About 33,000 public school staff in B.C. have averted a strike after reaching a tentative deal with the province this week.
Signed between the Canadian Union of Public Employees (CUPE), the International Union of Operating Engineers (IUOE) and the B.C. Public Schools Employer’s Association (BCPSEA), the two-year agreement comes with a 3.5 per cent wage increase and the introduction of a direct pay drug card.
Members of the bargaining unit, which include education assistants, bus drivers, clerical workers and trades staff, were in a legal position to walk off the job if a settlement was not reached by Monday.
“CUPE B.C.’s education workers are vital to keeping our schools clean, safe and inclusive,” said CUPE B.C. president Mark Hancock. “I want to thank all 85,000 of our members across the province, and our kindergarten to Grade 12 members in particular, for their solidarity.
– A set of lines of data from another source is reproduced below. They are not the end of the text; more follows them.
lemma stable_fun_upd_inert:
  assumes "inert C s" and "s \<noteq> out_species C" and "stable C Z"
  shows "stable C (Z(s := v))"
  unfolding stable_def
proof (intro allI impI)
  fix B assume "reaches C (Z(s := v)) B"
  then have "reaches C Z (B(s := Z s))"
    using reaches_inert(2)[OF assms(1), of _ _ "Z s"] by fastforce
  then show "B (out_species C) = (Z(s := v)) (out_species C)"
    using assms(2,3) unfolding stable_def by fastforce
qed

lemma reaches_without_trigger:
  assumes "\<forall>r\<in>reactions C'. r \<in> reactions C \<or> 0 < fst r s" and "inert C s"
    and "reaches C' A B" and "A s = 0"
  shows "reaches C A B"
proof -
  have "reaches C A B \<and> B s = 0"
    using assms(3) unfolding reaches_def
  proof (induction rule: rtranclp_induct)
    case base
    then show ?case using assms(4) by simp
  next
    case (step B B')
    from step.hyps(2) obtain r where r: "r \<in> reactions C'" "fst r \<le> B"
      and B': "B' = (\<lambda>t. B t - fst r t + snd r t)" unfolding step_def by blast
    have "r \<in> reactions C"
      using assms(1) r step.IH by (auto simp: le_fun_def dest!: spec[of _ s])
    then have "step C B B'" using r(2) B' unfolding step_def by blast
    then show ?case using step.IH step_inert(1)[OF assms(2) \<open>step C B B'\<close>] by auto
  qed
  then show ?thesis by simp
qed

definition input_count :: "species list \<Rightarrow> nat list \<Rightarrow> config" where
  "input_count ins x = (\<lambda>s. \<Sum>i<length x. if ins ! i = s then x ! i else 0)"

lemma init_config_input_count:
  "init_config C x s = input_count (inputs C) x s + (if s = leader_sp C then 1 else 0)"
  unfolding init_config_def input_count_def by simp

lemma input_count_notin:
  assumes "length x \<le> length ins" and "s \<notin> set ins"
  shows "input_count ins x s = 0"
  using assms unfolding input_count_def by (auto intro!: sum.neutral)

lemma input_count_update:
  assumes "k < length x" and "k < length ins"
  shows "input_count (ins[k := u]) (x[k := a]) s + (if ins ! k = s then b else 0)
       = input_count ins (x[k := b]) s + (if u = s then a else 0)"
proof -
  have k: "k \<in> {..<length x}" using assms(1) by simp
  have rest: "(\<Sum>i\<in>{..<length x} - {k}. if ins[k := u] ! i = s then x[k := a] ! i else 0)
      = (\<Sum>i\<in>{..<length x} - {k}. if ins ! i = s then x[k := b] ! i else 0)"
    by (rule sum.cong) auto
  show ?thesis
    unfolding input_count_def
    using assms rest by (simp add: sum.remove[OF finite_lessThan k])
qed

locale fixed_input_crn =
  fixes C :: crn and d k j :: nat
  assumes wf: "well_formed C d" and k_less: "k < d"
begin

definition new_leader :: species where "new_leader = Suc (Max (species C))"
definition new_input :: species where "new_input = Suc new_leader"

definition leader_reaction :: reaction where
  "leader_reaction = ((\<lambda>s. if s = new_leader then 1 else 0),
     (\<lambda>s. (if s = leader_sp C then 1 else 0) + (if s = inputs C ! k then j else 0)))"

definition restricted_crn :: crn where
  "restricted_crn = C\<lparr>species := species C \<union> {new_leader, new_input},
     reactions := insert leader_reaction (reactions C),
     inputs := (inputs C)[k := new_input], leader_sp := new_leader\<rparr>"

lemma new_species_fresh: "new_leader \<notin> species C" "new_input \<notin> species C"
  "new_leader \<noteq> new_input"
proof -
  have "finite (species C)" using wf unfolding well_formed_def by simp
  then have "\<And>s. s \<in> species C \<Longrightarrow> s < new_leader"
    unfolding new_leader_def by (simp add: le_imp_less_Suc)
  then show "new_leader \<notin> species C" "new_input \<notin> species C" "new_leader \<noteq> new_input"
    unfolding new_input_def by force+
qed

lemma inputs_length: "length (inputs C) = d"
  using wf unfolding well_formed_def by simp

lemma old_species: "set (inputs C) \<subseteq> species C" "leader_sp C \<in> species C"
  "inputs C ! k \<in> species C"
  using wf k_less unfolding well_formed_def by auto

lemma old_new_distinct:
  "inputs C ! k \<noteq> new_input" "inputs C ! k \<noteq> new_leader"
  "leader_sp C \<noteq> new_input" "leader_sp C \<noteq> new_leader"
  using old_species(2,3) new_species_fresh(1,2) by metis+

lemma new_species_inert: "inert C new_leader" "inert C new_input"
  using wf new_species_fresh unfolding well_formed_def inert_def by auto

lemma restricted_well_formed: "well_formed restricted_crn d"
proof -
  have "set ((inputs C)[k := new_input]) \<subseteq> insert new_input (set (inputs C))"
    by (rule set_update_subset_insert)
  moreover have "distinct ((inputs C)[k := new_input])"
    using wf new_species_fresh old_species unfolding well_formed_def
    by (auto intro!: distinct_list_update)
  ultimately show ?thesis
    using wf new_species_fresh old_species
    unfolding well_formed_def restricted_crn_def leader_reaction_def by auto
qed

lemma restricted_output_oblivious:
  "output_oblivious C \<Longrightarrow> output_oblivious restricted_crn"
  using wf new_species_fresh
  unfolding output_oblivious_def restricted_crn_def leader_reaction_def well_formed_def by auto

definition release :: "config \<Rightarrow> config" where
  "release A = (\<lambda>s. (A(new_input := 0, new_leader := 0)) s
                    + A new_leader * snd leader_reaction s)"

definition simulates :: "nat list \<Rightarrow> config \<Rightarrow> bool" where
  "simulates x A \<longleftrightarrow> A new_input = x ! k \<and> A new_leader \<le> 1 \<and>
     reaches C (init_config C (x[k := j])) (release A)"

lemma release_no_leader: "A new_leader = 0 \<Longrightarrow> release A = A(new_input := 0)"
  unfolding release_def by auto

lemma release_step:
  assumes "step C A B"
  shows "step C (release A) (release B)"
proof -
  have "step C (A(new_input := 0, new_leader := 0)) (B(new_input := 0, new_leader := 0))"
    using assms by (intro step_inert(2) new_species_inert)
  moreover have "B new_leader = A new_leader"
    using assms by (rule step_inert(1)[OF new_species_inert(1)])
  ultimately show ?thesis unfolding release_def by (metis step_add)
qed

lemma release_fire_leader:
  assumes "fst leader_reaction \<le> A"
  shows "release (\<lambda>s. A s - fst leader_reaction s + snd leader_reaction s) = release A"
proof -
  have "1 \<le> A new_leader"
    using assms by (auto simp: le_fun_def leader_reaction_def dest!: spec[of _ new_leader])
  then obtain n where "A new_leader = Suc n" by (metis Suc_le_D One_nat_def)
  then show ?thesis
    using new_species_fresh old_species
    unfolding release_def leader_reaction_def by (auto simp: fun_eq_iff)
qed

lemma step_restricted_crn:
  "step restricted_crn A B \<longleftrightarrow> step C A B \<or>
     (fst leader_reaction \<le> A \<and> B = (\<lambda>s. A s - fst leader_reaction s + snd leader_reaction s))"
  unfolding step_def restricted_crn_def by auto

lemma simulates_step:
  assumes "simulates x A" and "step restricted_crn A B"
  shows "simulates x B"
  using assms(2) unfolding step_restricted_crn
proof
  assume "step C A B"
  then show ?thesis
    using assms(1) release_step step_inert(1)[OF new_species_inert(1)]
      step_inert(1)[OF new_species_inert(2)]
    unfolding simulates_def reaches_def by (metis rtranclp.rtrancl_into_rtrancl)
next
  assume fire: "fst leader_reaction \<le> A \<and>
    B = (\<lambda>s. A s - fst leader_reaction s + snd leader_reaction s)"
  then have "B new_input = A new_input" "B new_leader \<le> A new_leader"
    using new_species_fresh old_species unfolding leader_reaction_def by auto
  then show ?thesis
    using assms(1) release_fire_leader fire unfolding simulates_def by auto
qed

lemma simulates_reaches:
  assumes "reaches restricted_crn A B" and "simulates x A"
  shows "simulates x B"
  using assms unfolding reaches_def
  by (induction rule: rtranclp_induct) (auto intro: simulates_step)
It’s only because we held together that we were able to negotiate a fair and reasonable contract, despite demands for concessions from the government.”
This deal is the latest to be reached under the co-operative gains mandate, which was introduced by the provincial government in 2012. The program applies to all public sector employees whose collective agreements expired after Dec. 31, 2011, and provides employers the ability to negotiate wages based on productivity increases within existing budgets.
In this case, that means school districts will have to save in order to be able to pay out the wage adjustments negotiated in the collective agreements.
The contract for B.C. school support staff must be ratified before the end of December.